Personally, I'd use one of the products for tanks designed to eat the stuff. Then after letting it sit for a few days with that and water in the tank, I'd go for the ice trick. I'm hoping there wasn't enough black water in there to freeze and crack the tank...


----------



## Scoutr2 (Aug 21, 2006)

If it were me, I'd put about 10 gallons of water in the tank, along with some tank chemical (I use Thetford's Liquid - the Green Stuff - it digests and deodorizes) and let it sit for 3-4 days. Then add 20# of ice and go for a drive. (The ice will act as an abrasive to help scrub the inner surfaces of your tank.) When the ice has melted you can then flush the tanks and rinse several times. (I use a FlushKing - with the clear sewer pipe extension - so I can see what, if anything, is coming out. When I get just clear water, the tank is clean.)

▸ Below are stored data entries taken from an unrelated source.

(* Let $X$ and $Y$ be compact Hausdorff spaces and let $A(X)\subseteq C(X)$ and $A(Y)\subseteq C(Y)$ be (real) vector subspaces that contain the constant functions and precisely separate points from closed sets. If $T: A(X)\to A(Y)$ is a linear order isomorphism, then there is a homeomorphism $h:X\to Y$ such that $Tf = T1_X\cdot (f\circ h^{-1})$ for all $f\in A(X)$.
   Context: All function spaces are real. $C(X)$ denotes the real-valued continuous functions on $X$, and $1_X$ the constant function $1$ on $X$. A subspace $A(X)\subseteq C(X)$ separates points from closed sets if for every $x\in X$ and every closed $F\subseteq X$ with $x\notin F$ there is $f\in A(X)$ with $f(x)=1$ and $f=0$ on $F$; it precisely separates points from closed sets if moreover such $f$ can always be chosen with values in $[0,1]$. A linear bijection $T:A(X)\to A(Y)$ is an order isomorphism if for every $f\in A(X)$, $f\ge 0$ (pointwise) if and only if $Tf\ge 0$. *)

theory Defs
  imports "HOL-Analysis.Analysis"
begin

text \<open>The compact Hausdorff space X is modelled as a type 'a of class t2_space
  whose universe is compact; C(X) is the set of real functions continuous on UNIV.\<close>

definition fun_subspace_of_C :: "('a::topological_space \<Rightarrow> real) set \<Rightarrow> bool" where
  "fun_subspace_of_C A \<longleftrightarrow>
     (\<forall>f\<in>A. continuous_on UNIV f) \<and>
     (\<lambda>_. 0) \<in> A \<and>
     (\<forall>f\<in>A. \<forall>g\<in>A. (\<lambda>x. f x + g x) \<in> A) \<and>
     (\<forall>c. \<forall>f\<in>A. (\<lambda>x. c * f x) \<in> A)"

definition contains_constants :: "('a \<Rightarrow> real) set \<Rightarrow> bool" where
  "contains_constants A \<longleftrightarrow> (\<forall>c::real. (\<lambda>_. c) \<in> A)"

definition precisely_separates_points_closed :: "('a::topological_space \<Rightarrow> real) set \<Rightarrow> bool" where
  "precisely_separates_points_closed A \<longleftrightarrow>
     (\<forall>x F. closed F \<and> x \<notin> F \<longrightarrow>
        (\<exists>f\<in>A. f x = 1 \<and> (\<forall>y\<in>F. f y = 0) \<and> (\<forall>y. 0 \<le> f y \<and> f y \<le> 1)))"

definition linear_on :: "('a \<Rightarrow> real) set \<Rightarrow> (('a \<Rightarrow> real) \<Rightarrow> ('b \<Rightarrow> real)) \<Rightarrow> bool" where
  "linear_on A T \<longleftrightarrow>
     (\<forall>f\<in>A. \<forall>g\<in>A. T (\<lambda>x. f x + g x) = (\<lambda>y. T f y + T g y)) \<and>
     (\<forall>c. \<forall>f\<in>A. T (\<lambda>x. c * f x) = (\<lambda>y. c * T f y))"

definition order_isomorphism :: "('a \<Rightarrow> real) set \<Rightarrow> ('b \<Rightarrow> real) set \<Rightarrow> (('a \<Rightarrow> real) \<Rightarrow> ('b \<Rightarrow> real)) \<Rightarrow> bool" where
  "order_isomorphism A B T \<longleftrightarrow>
     linear_on A T \<and> bij_betw T A B \<and>
     (\<forall>f\<in>A. (\<forall>x. 0 \<le> f x) \<longleftrightarrow> (\<forall>y. 0 \<le> T f y))"

end

theory Submission
  imports Defs
begin

text \<open>
  For a point \<open>y \<in> Y\<close>, the functional \<open>f \<mapsto> (T f) y\<close> is positive with positive value at
  \<open>1\<close>, so by compactness all nonnegative functions in its kernel share a common zero
  \<open>\<phi> y \<in> X\<close>. Writing \<open>d = T\<^sup>-\<^sup>1 1\<close>, precise separation in \<open>A(Y)\<close> gives, for every \<open>\<epsilon> > 0\<close>,
  a function in \<open>A(Y)\<close> that is \<open>1\<close> at \<open>y\<close> and vanishes where \<open>T f\<close> is \<open>\<epsilon>\<close>-far from \<open>T f y\<close>;
  pulling the resulting order bounds back through \<open>T\<^sup>-\<^sup>1\<close> and evaluating at \<open>\<phi> y\<close> yields
  \<open>\<bar>f (\<phi> y) - T f y \<cdot> d (\<phi> y)\<bar> \<le> \<epsilon> \<cdot> d (\<phi> y)\<close>, hence \<open>T f y = T 1 y \<cdot> f (\<phi> y)\<close>.
  Precise separation in \<open>A(X)\<close> makes \<open>\<phi>\<close> continuous and surjective, separation in \<open>A(Y)\<close>
  makes it injective, and a continuous bijection between compact Hausdorff spaces is a
  homeomorphism.
\<close>

lemma eq_0_if_abs_le_mult_eps:
  fixes a b :: real
  assumes "0 \<le> b" and "\<And>\<epsilon>. 0 < \<epsilon> \<Longrightarrow> \<bar>a\<bar> \<le> \<epsilon> * b"
  shows "a = 0"
proof -
  have "\<bar>a\<bar> \<le> 0 + \<epsilon>" if "0 < \<epsilon>" for \<epsilon>
  proof -
    have "\<bar>a\<bar> \<le> \<epsilon> / (b + 1) * b"
      using assms(1) that by (intro assms(2)) simp
    also have "\<dots> \<le> \<epsilon>"
      using assms(1) that by (simp add: field_simps)
    finally show ?thesis by simp
  qed
  then show ?thesis
    using field_le_epsilon[of "\<bar>a\<bar>" 0] by simp
qed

I also have a tank wand (one with a little rotating head - kinda like a small lawn sprinkler) that I then use to blast away at the sides and clean everything up. The wands are pretty cheap - about $10. Mine does an excellent job of keeping the tanks clean.

After you get the tank clean, then add the Thetford's, a capful of liquid Calgon water softener (keeps the inside of the tank slick) and about 3-4 gallons of water. That will keep your tank very fresh and ready to go the next time you go camping. We add the Calgon and the Thetfords after every camping trip an tank flushing, and we've never had any problems with odors, the sensors, or "stuff" building up in the tank. (I can look down inside with a flashlight, and after three seasons, everything looks like new down there.)

Just my $.02.

Mike


----------



## MNoutbackers (Jan 30, 2009)

Scoutr2 said:


> If it were me, I'd put about 10 gallons of water in the tank, along with some tank chemical (I use Thetford's Liquid - the Green Stuff - it digests and deodorizes) and let it sit for 3-4 days. Then add 20# of ice and go for a drive. (The ice will act as an abrasive to help scrub the inner surfaces of your tank.) When the ice has melted you can then flush the tanks and rinse several times. (I use a FlushKing - with the clear sewer pipe extension - so I can see what, if anything, is coming out. When I get just clear water, the tank is clean.)
> 
> I also have a tank wand (one with a little rotating head - kinda like a small lawn sprinkler) that I then use to blast away at the sides and clean everything up. The wands are pretty cheap - about $10. Mine does an excellent job of keeping the tanks clean.
> 
> ...


Where do you get the liquid calgon water softener?


----------



## Ghosty (Jan 17, 2005)

i agree with all the above .... however .. personally ... I would get one of those $8.00 wands (looks like a 30" PVC pipe with four holes cut in the bottom that hooks directly to a water hose) that puts out water pressure like a fire hose and drop that into the tank and spray the heck out of the tank for 10 minutes ... that will knock anything loose in there regardless of how long it has been sitting ...


----------



## Ghosty (Jan 17, 2005)

> Where do you get the liquid calgon water softener?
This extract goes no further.